The first f(i) shows the frequency in the population. Each times two (* 2) in the formulae converts that frequency from a percentage of the population to a percentage of heads or tails (which get 50% of the population each). 50 - f(i) gives the false positives for the best possible success assumption up to 50% (heads left over after we have used up all cases of phenomenon present). Up to 50% frequency in the “best” section, all “phenomenon present” cases were matched to tosses of heads, so all tosses of tails are true negatives and none are false negatives. Above 50% frequency in the “best” section, all heads are used up without using up all “phenomenon present” cases, so heads are 100% true positives for the whole range. Since we now have “phenomenon present” cases left over to match to tails (false negatives), 100 - f(i) gives true negatives and f(i) - 50 gives false negatives.

Mean: PRINT (f(i) / 2) * 2; (50 - f(i) / 2) * 2; (50 - f(i) / 2) * 2; (f(i) / 2) * 2

or, simplified: Mean: PRINT f(i); 100 - f(i); 100 - f(i); f(i)

f(i) / 2 converts the population frequency to a mean set of heads or tails that match phenomenon present (true positives or false negatives)—the division by two applies the assumption that half the cases are heads and half are tails. 50 - f(i) / 2 gives the false positives or true negatives for the mean success assumption—the tosses matched to cases of phenomenon absent.

As you can see from the table, the only time tossing a coin produces the 50/50 figure “everybody knows” is when the phenomenon being predicted occurs 50% of the time and you use the mean success rate assumption (which is the normal statistical assumption). For any phenomenon occurring less than 50% of the time, tossing a coin does not do as well.

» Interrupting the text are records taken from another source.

lemma Dop_phase_radial:
  fixes g g' g'' :: "real \<Rightarrow> real"
  assumes u: "cmod u < 1" and S: "open S" "S \<subseteq> ball 0 1" and z: "z \<in> S"
    and g: "\<And>y. y \<in> S \<Longrightarrow> (g has_real_derivative g' (hcosh2 y u)) (at (hcosh2 y u))"
    and g': "(g' has_real_derivative g'' (hcosh2 z u)) (at (hcosh2 z u))"
    and F: "\<And>y. y \<in> S \<Longrightarrow> F y = phase k y u * of_real (g (hcosh2 y u))"
  shows "Dop k F z = phase k z u * of_real (hcosh2 z u * (hcosh2 z u - 1) * g'' (hcosh2 z u)
           + (2 * hcosh2 z u - 1) * g' (hcosh2 z u) + (k\<^sup>2 / hcosh2 z u + 1/4) * g (hcosh2 z u))"
proof -
  have disc: "cmod y < 1" if "y \<in> S" for y using S(2) that by auto
  note z1 = disc[OF z]
  have WF: "has_wirtinger F y (phase_radial_dw k g g' u y) (phase_radial_dwbar k g g' u y)"
    if y: "y \<in> S" for y
    by (rule has_wirtinger_transform_open[OF has_wirtinger_phase_radial[where g' = g',
          OF disc[OF y] u g[OF y]] S(1) y]) (simp add: F)
  have dwbar_F: "dwbar F y = phase_radial_dwbar k g g' u y" if "y \<in> S" for y
    by (rule dwbar_eq_wirtinger[OF WF[OF that]])
  obtain b where
    "has_wirtinger (phase_radial_dwbar k g g' u) z (phase_radial_dw_dwbar k g g' g'' u z) b"
    using has_wirtinger_phase_radial_dwbar[where g' = g' and g'' = g'', OF z1 u g[OF z] g'] by blast
  then have "has_wirtinger (dwbar F) z (phase_radial_dw_dwbar k g g' g'' u z) b"
    by (rule has_wirtinger_transform_open[OF _ S(1) z]) (simp add: dwbar_F)
  note dw_dwbar = dw_eq_wirtinger[OF this]
  note dw = dw_eq_wirtinger[OF WF[OF z]] and dwbar = dwbar_eq_wirtinger[OF WF[OF z]]
  have "complex_of_real ((1 - (cmod z)\<^sup>2)\<^sup>2) = (1 - complex_of_real ((cmod z)\<^sup>2))\<^sup>2"
    by (simp only: of_real_power of_real_diff of_real_1)
  then have c1: "complex_of_real ((1 - (cmod z)\<^sup>2)\<^sup>2) = (1 - z * cnj z)\<^sup>2"
    by (simp only: complex_norm_square)
  have c2: "complex_of_real (k * (1 - (cmod z)\<^sup>2)) = of_real k * (1 - z * cnj z)"
    by (simp add: complex_norm_square[symmetric] del: of_real_power)
  have c3: "complex_of_real (k\<^sup>2 * (cmod z)\<^sup>2) = (of_real k)\<^sup>2 * (z * cnj z)"
    by (simp only: of_real_mult complex_norm_square[symmetric] of_real_power)
  have c4: "complex_of_real (k\<^sup>2 + 1/4) = (of_real k)\<^sup>2 + 1/4" by simp
  note nz = one_minus_mult_cnj_self_nonzero[OF z1] one_minus_mult_cnj_self_nonzero[OF u]
  then have "(1 - z * cnj z) * (1 - u * cnj u) \<noteq> 0" by simp
  then have "of_real (hcosh2 z u) * ((1 - z * cnj z) * (1 - u * cnj u))
      = (1 - z * cnj u) * (1 - cnj z * u)"
    using hcosh2_complex[OF z1 u] nonzero_eq_divide_eq by metis
  then have Q: "of_real (hcosh2 z u) * ((1 - z * cnj z) * (1 - u * cnj u))
      = (1 - cnj z * u) * (1 - z * cnj u)"
    by (simp only: mult.commute)
  have "complex_of_real (hcosh2 z u) \<noteq> 0" using hcosh2_ge_1[OF z1 u] by auto
  note identity = Dop_phase_radial_identity[OF refl refl refl refl Q nz
     one_minus_cnj_mult_facts(2,3)[OF z1 u] this, where P = "phase k z u" and k = "of_real k"
     and G = "of_real (g (hcosh2 z u))" and G' = "of_real (g' (hcosh2 z u))"
     and G'' = "of_real (g'' (hcosh2 z u))"]
  have "Dop k F z = phase k z u *
      (of_real (hcosh2 z u) * (of_real (hcosh2 z u) - 1) * of_real (g'' (hcosh2 z u))
      + (2 * of_real (hcosh2 z u) - 1) * of_real (g' (hcosh2 z u))
      + ((of_real k)\<^sup>2 / of_real (hcosh2 z u) + 1/4) * of_real (g (hcosh2 z u)))"
    unfolding Dop_def LD_def c1 c2 c3 c4 dw dwbar dw_dwbar F[OF z] phase_radial_dw_def
      phase_radial_dwbar_def phase_radial_dw_dwbar_def phase_dw_def hcosh2_dw_def hcosh2_dwbar_def
      hcosh2_dw_dwbar_def
    by (rule identity)
  then show ?thesis by simp
qed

This math applies whether you are speaking of a study of the whole population or a prediction for an individual member of the population. You cannot ignore population frequencies when you speak of an individual member of the population.

The Skeptical Inquirer article used an example of a diagnostic prediction correct 50% of the time about something present in 1% of the population. As you can see from the above table, flipping a coin usually would be right 1% of the time. Thus, the phrase “You might do just as well to flip a coin!” is very wrong. The on-line examples continued the same way.

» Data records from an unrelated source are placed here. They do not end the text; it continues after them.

lemma lap_apply_plus_sum_eq_0_imp_zero:
  assumes sg: "simple_graph n E" and conn: "connected_graph n E"
    and eq: "\<forall>k\<in>{1..n}. lap_apply n E x k + (\<Sum>l\<in>{1..n}. x l) = 0"
  shows "\<forall>k\<in>{1..n}. x k = 0"
proof (cases "n = 0")
  case False
  then have n: "n \<ge> 1" by simp
  from eq have sum_x: "(\<Sum>l\<in>{1..n}. x l) = 0"
    by (rule lap_apply_plus_const_balanced_imp_zero[OF sg n]) simp
  have "\<forall>k\<in>{1..n}. x k = x 1"
    by (rule lap_apply_eq_0_imp_const[OF sg conn]) (use eq sum_x n in simp_all)
  moreover have "x 1 = 0"
  proof -
    have "(\<Sum>l\<in>{1..n}. x l) = (\<Sum>l\<in>{1..n}. x 1)"
      using \<open>\<forall>k\<in>{1..n}. x k = x 1\<close> by (intro sum.cong refl) blast
    with sum_x n show ?thesis by simp
  qed
  ultimately show ?thesis by metis
qed simp

lemma det_lap_plus_ones_mat_nonzero:
  assumes sg: "simple_graph n E" and conn: "connected_graph n E"
  shows "det (lap_plus_ones_mat n E) \<noteq> 0"
proof
  assume "det (lap_plus_ones_mat n E) = 0"
  moreover have "lap_plus_ones_mat n E \<in> carrier_mat n n"
    unfolding lap_plus_ones_mat_def by simp
  ultimately obtain u where u: "u \<in> carrier_vec n" "u \<noteq> 0\<^sub>v n" "lap_plus_ones_mat n E *\<^sub>v u = 0\<^sub>v n"
    using det_0_iff_vec_prod_zero_field by blast
  define x where "x = (\<lambda>k. u $ (k - 1))"
  have eq: "\<forall>k\<in>{1..n}. lap_apply n E x k + (\<Sum>l\<in>{1..n}. x l) = 0"
  proof
    fix k assume k: "k \<in> {1..n}"
    then have "k - 1 < n" by auto
    have "lap_apply n E x k + (\<Sum>l\<in>{1..n}. x l) = (lap_plus_ones_mat n E *\<^sub>v u) $ (k - 1)"
      unfolding x_def by (rule lap_plus_ones_mat_mult_vec[OF u(1) k, symmetric])
    also have "\<dots> = 0" using u(3) \<open>k - 1 < n\<close> by simp
    finally show "lap_apply n E x k + (\<Sum>l\<in>{1..n}. x l) = 0" .
  qed
  then have "\<forall>k\<in>{1..n}. x k = 0" by (rule lap_apply_plus_sum_eq_0_imp_zero[OF sg conn])
  then have "u = 0\<^sub>v n"
  proof (intro eq_vecI)
    fix a assume "\<forall>k\<in>{1..n}. x k = 0" "a < dim_vec (0\<^sub>v n :: real vec)"
    then show "u $ a = 0\<^sub>v n $ a" using x_def[THEN fun_cong, of "Suc a"] by auto
  qed (use u in auto)
  with u(2) show False ..
qed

To boil the whole thing down to its simplest form: tossing a coin should produce successful predictions at a rate equal to the frequency of occurrence of the phenomenon in the population. This is the “chance” expectancy that is the baseline for most statistical comparisons. I apologize for such length on such a basic point, but the pseudo-skeptics didn’t get the point in a briefer presentation.

This is a wonderful example of how careless thinking or wording and the innumeracy of much of the population can lead to very misleading conclusions.